(* Let $\mu$ be critical, let $\xi_1,\dots,\xi_n$ be i.i.d. with law $\mu$, and let $\bar\xi_1,\bar\xi_2,\dots$ be i.i.d. with the size-biased law of $\xi_1$. Then for $1\le m<n$ and any non-negative measurable $f:\mathbb Z^m\to\mathbb R_+$, $$\mathbb E\big[f(\widehat D^n_1,\dots,\widehat D^n_m)\mathbf 1\{N_n\ge m\}\big]=\mathbb E\big[f(\bar\xi_1,\dots,\bar\xi_m)\,\Theta^n(\bar\xi_1,\dots,\bar\xi_m)\big],$$ where for $k_1,\dots,k_m\in\mathbb N$ with $k_1+\dots+k_m\le n-1$, $$\Theta^n(k_1,\dots,k_m)=\frac{\mathbb P\big(\sum_{i=m+1}^n\xi_i=n-1-\sum_{i=1}^mk_i\big)}{\mathbb P\big(\sum_{i=1}^n\xi_i=n-1\big)}\prod_{i=1}^m\frac{n-i+1}{n-1-\sum_{j=1}^{i-1}k_j},$$ and $\Theta^n(k_1,\dots,k_m)=0$ otherwise.
   Context: $\mu$ is a law on $\mathbb Z_{\ge0}$ with support of gcd $1$; critical means mean $1$; the size-biased law is $\mathbb P(\bar\xi=k)=k\mu_k$. $D^n=(D^n_1,\dots,D^n_n)$ is a vector of i.i.d. $\mu$-distributed variables conditioned on $\sum_iD^n_i=n-1$, and $N_n=|\{i\in[n]:D^n_i>0\}|$. Size-biased random re-ordering of positive numbers $(k_1,\dots,k_N)$: the random permutation $\Sigma$ of $[N]$ with $\mathbb P(\Sigma=\sigma)=\prod_{i=1}^N k_{\sigma(i)}/\sum_{j=i}^Nk_{\sigma(j)}$, giving $(k_{\Sigma(1)},\dots,k_{\Sigma(N)})$. $\widehat D^n=(\widehat D^n_1,\dots,\widehat D^n_{N_n})$ is the size-biased random re-ordering of the positive entries of $D^n$. *)

theory Defs
  imports "HOL-Probability.Probability" "HOL-Combinatorics.Permutations"
begin

definition critical :: "nat pmf \<Rightarrow> bool" where
  "critical \<mu> \<longleftrightarrow> (\<integral>\<^sup>+ k. ennreal (real k) \<partial>measure_pmf \<mu>) = 1"

definition aperiodic_support :: "nat pmf \<Rightarrow> bool" where
  "aperiodic_support \<mu> \<longleftrightarrow> Gcd (set_pmf \<mu>) = 1"

text \<open>Size-biased law: P(xi_bar = k) = k * mu_k (a probability law when mu is critical).\<close>
definition size_biased :: "nat pmf \<Rightarrow> nat pmf" where
  "size_biased \<mu> = embed_pmf (\<lambda>k. real k * pmf \<mu> k)"

text \<open>Law of (xi_i)_{i in I}, i.i.d. with law mu (0-indexed; value 0 outside I).\<close>
definition iid :: "nat set \<Rightarrow> nat pmf \<Rightarrow> (nat \<Rightarrow> nat) pmf" where
  "iid I \<mu> = Pi_pmf I 0 (\<lambda>_. \<mu>)"

text \<open>Law of D^n = (D^n_1,...,D^n_n) (stored at indices 0..n-1): i.i.d. mu conditioned on sum = n-1.\<close>
definition Dn_law :: "nat pmf \<Rightarrow> nat \<Rightarrow> (nat \<Rightarrow> nat) pmf" where
  "Dn_law \<mu> n = cond_pmf (iid {..<n} \<mu>) {d. (\<Sum>i<n. d i) = n - 1}"

text \<open>The positive entries of (d_0,...,d_{n-1}) in index order; N_n is its length.\<close>
definition pos_entries :: "nat \<Rightarrow> (nat \<Rightarrow> nat) \<Rightarrow> nat list" where
  "pos_entries n d = filter (\<lambda>k. 0 < k) (map d [0..<n])"

text \<open>Size-biased random re-ordering of ks=(k_1..k_N) (0-indexed): probability that the
  random permutation Sigma of {0..<N} equals sigma.\<close>
definition sb_perm_prob :: "nat list \<Rightarrow> (nat \<Rightarrow> nat) \<Rightarrow> real" where
  "sb_perm_prob ks \<sigma> =
     (\<Prod>i<length ks. real (ks ! \<sigma> i) / (\<Sum>j\<in>{i..<length ks}. real (ks ! \<sigma> j)))"

text \<open>Theta^n(k_1,...,k_m), with k_1..k_m stored as k 0, ..., k (m-1).\<close>
definition Theta :: "nat pmf \<Rightarrow> nat \<Rightarrow> nat \<Rightarrow> (nat \<Rightarrow> nat) \<Rightarrow> real" where
  "Theta \<mu> n m k =
    (if (\<Sum>i<m. k i) \<le> n - 1 then
       measure_pmf.prob (iid {m..<n} \<mu>) {x. (\<Sum>i\<in>{m..<n}. x i) = n - 1 - (\<Sum>i<m. k i)}
       / measure_pmf.prob (iid {..<n} \<mu>) {x. (\<Sum>i<n. x i) = n - 1}
       * (\<Prod>i<m. real (n - i) / real (n - 1 - (\<Sum>j<i. k j)))
     else 0)"

end

(*
  Given D^n = d, the first m picks of the size-biased re-ordering form a list (j_1, ..., j_m)
  of distinct coordinates, chosen with probability
  prod_i d_(j_i) / (n - 1 - sum_(l<i) d_(j_l)); coordinates with d_j = 0 are never picked, so
  the restriction to positive entries can be dropped and one sums over all injective index
  lists. Averaging over D^n, i.e. over i.i.d. mu-vectors on the event {sum = n - 1},
  exchangeability makes each of the n (n-1) ... (n-m+1) index lists contribute as much as
  (1, ..., m), and independence factorises the event into the values k of the first m
  coordinates and the event that the other n - m coordinates sum to n - 1 - sum k. The
  numerators k_i of the picking probabilities turn prod_i mu(k_i) into the size-biased law
  prod_i k_i mu(k_i), and what remains is Theta^n.
*)
theory Submission
  imports Defs "HOL-Combinatorics.Multiset_Permutations"
begin

fun sb_order_prob :: "('a \<Rightarrow> nat) \<Rightarrow> 'a list \<Rightarrow> real" where
  "sb_order_prob w [] = 1"
| "sb_order_prob w (x # xs) = w x / (w x + (\<Sum>y\<leftarrow>xs. real (w y))) * sb_order_prob w xs"

(* Probability that a size-biased ordering of a family of total weight S starts with js. *)
fun sb_prefix_prob :: "('a \<Rightarrow> nat) \<Rightarrow> nat \<Rightarrow> 'a list \<Rightarrow> real" where
  "sb_prefix_prob w S [] = 1"
| "sb_prefix_prob w S (x # xs) = w x / S * sb_prefix_prob w (S - w x) xs"

definition distinct_lists :: "nat \<Rightarrow> 'a set \<Rightarrow> 'a list set" where
  "distinct_lists m R = {xs. length xs = m \<and> distinct xs \<and> set xs \<subseteq> R}"

lemma distinct_lists_0 [simp]: "distinct_lists 0 R = {[]}"
  by (auto simp: distinct_lists_def)

lemma distinct_lists_Suc:
  "distinct_lists (Suc m) R = (\<Union>x\<in>R. (#) x ` distinct_lists m (R - {x}))"
  by (auto simp: distinct_lists_def length_Suc_conv image_iff)

lemma finite_distinct_lists [simp]: "finite R \<Longrightarrow> finite (distinct_lists m R)"
  unfolding distinct_lists_def
  by (rule finite_subset[OF _ finite_lists_length_eq[of R m]]) auto

lemma distinct_lists_mono: "R \<subseteq> R' \<Longrightarrow> distinct_lists m R \<subseteq> distinct_lists m R'"
  by (auto simp: distinct_lists_def)

lemma length_le_card_if_distinct_lists:
  "xs \<in> distinct_lists m R \<Longrightarrow> finite R \<Longrightarrow> m \<le> card R"
  unfolding distinct_lists_def by (metis (mono_tags) card_mono distinct_card mem_Collect_eq)

lemma sum_distinct_lists_Suc:
  assumes "finite R"
  shows "(\<Sum>xs\<in>distinct_lists (Suc m) R. F xs) = (\<Sum>x\<in>R. \<Sum>xs\<in>distinct_lists m (R - {x}). F (x # xs))"
  unfolding distinct_lists_Suc using assms
  by (subst sum.UNION_disjoint) (auto simp: sum.reindex)

lemma card_distinct_lists: "finite R \<Longrightarrow> card (distinct_lists m R) = (\<Prod>i<m. card R - i)"
proof (induction m arbitrary: R)
  case (Suc m)
  have "card (distinct_lists (Suc m) R) = (\<Sum>x\<in>R. card (distinct_lists m (R - {x})))"
    using sum_distinct_lists_Suc[OF Suc.prems, where F = "\<lambda>_. 1::nat"] by simp
  also have "\<dots> = (\<Sum>x\<in>R. \<Prod>i<m. card R - Suc i)"
    using Suc by (intro sum.cong) (simp_all add: card_Diff_singleton)
  finally show ?case
    unfolding prod.lessThan_Suc_shift by simp
qed simp

lemma sum_permutations_of_set_nonempty:
  assumes "finite R" "R \<noteq> {}"
  shows "(\<Sum>xs\<in>permutations_of_set R. F xs) = (\<Sum>x\<in>R. \<Sum>xs\<in>permutations_of_set (R - {x}). F (x # xs))"
  unfolding permutations_of_set_nonempty[OF assms(2)] using assms(1)
  by (subst sum.UNION_disjoint) (auto simp: sum.reindex)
========================
• What this task involves:
In the entries above, how many lines contain the string "Combinatorics"? Say only the number.

• Answer to the problem:
2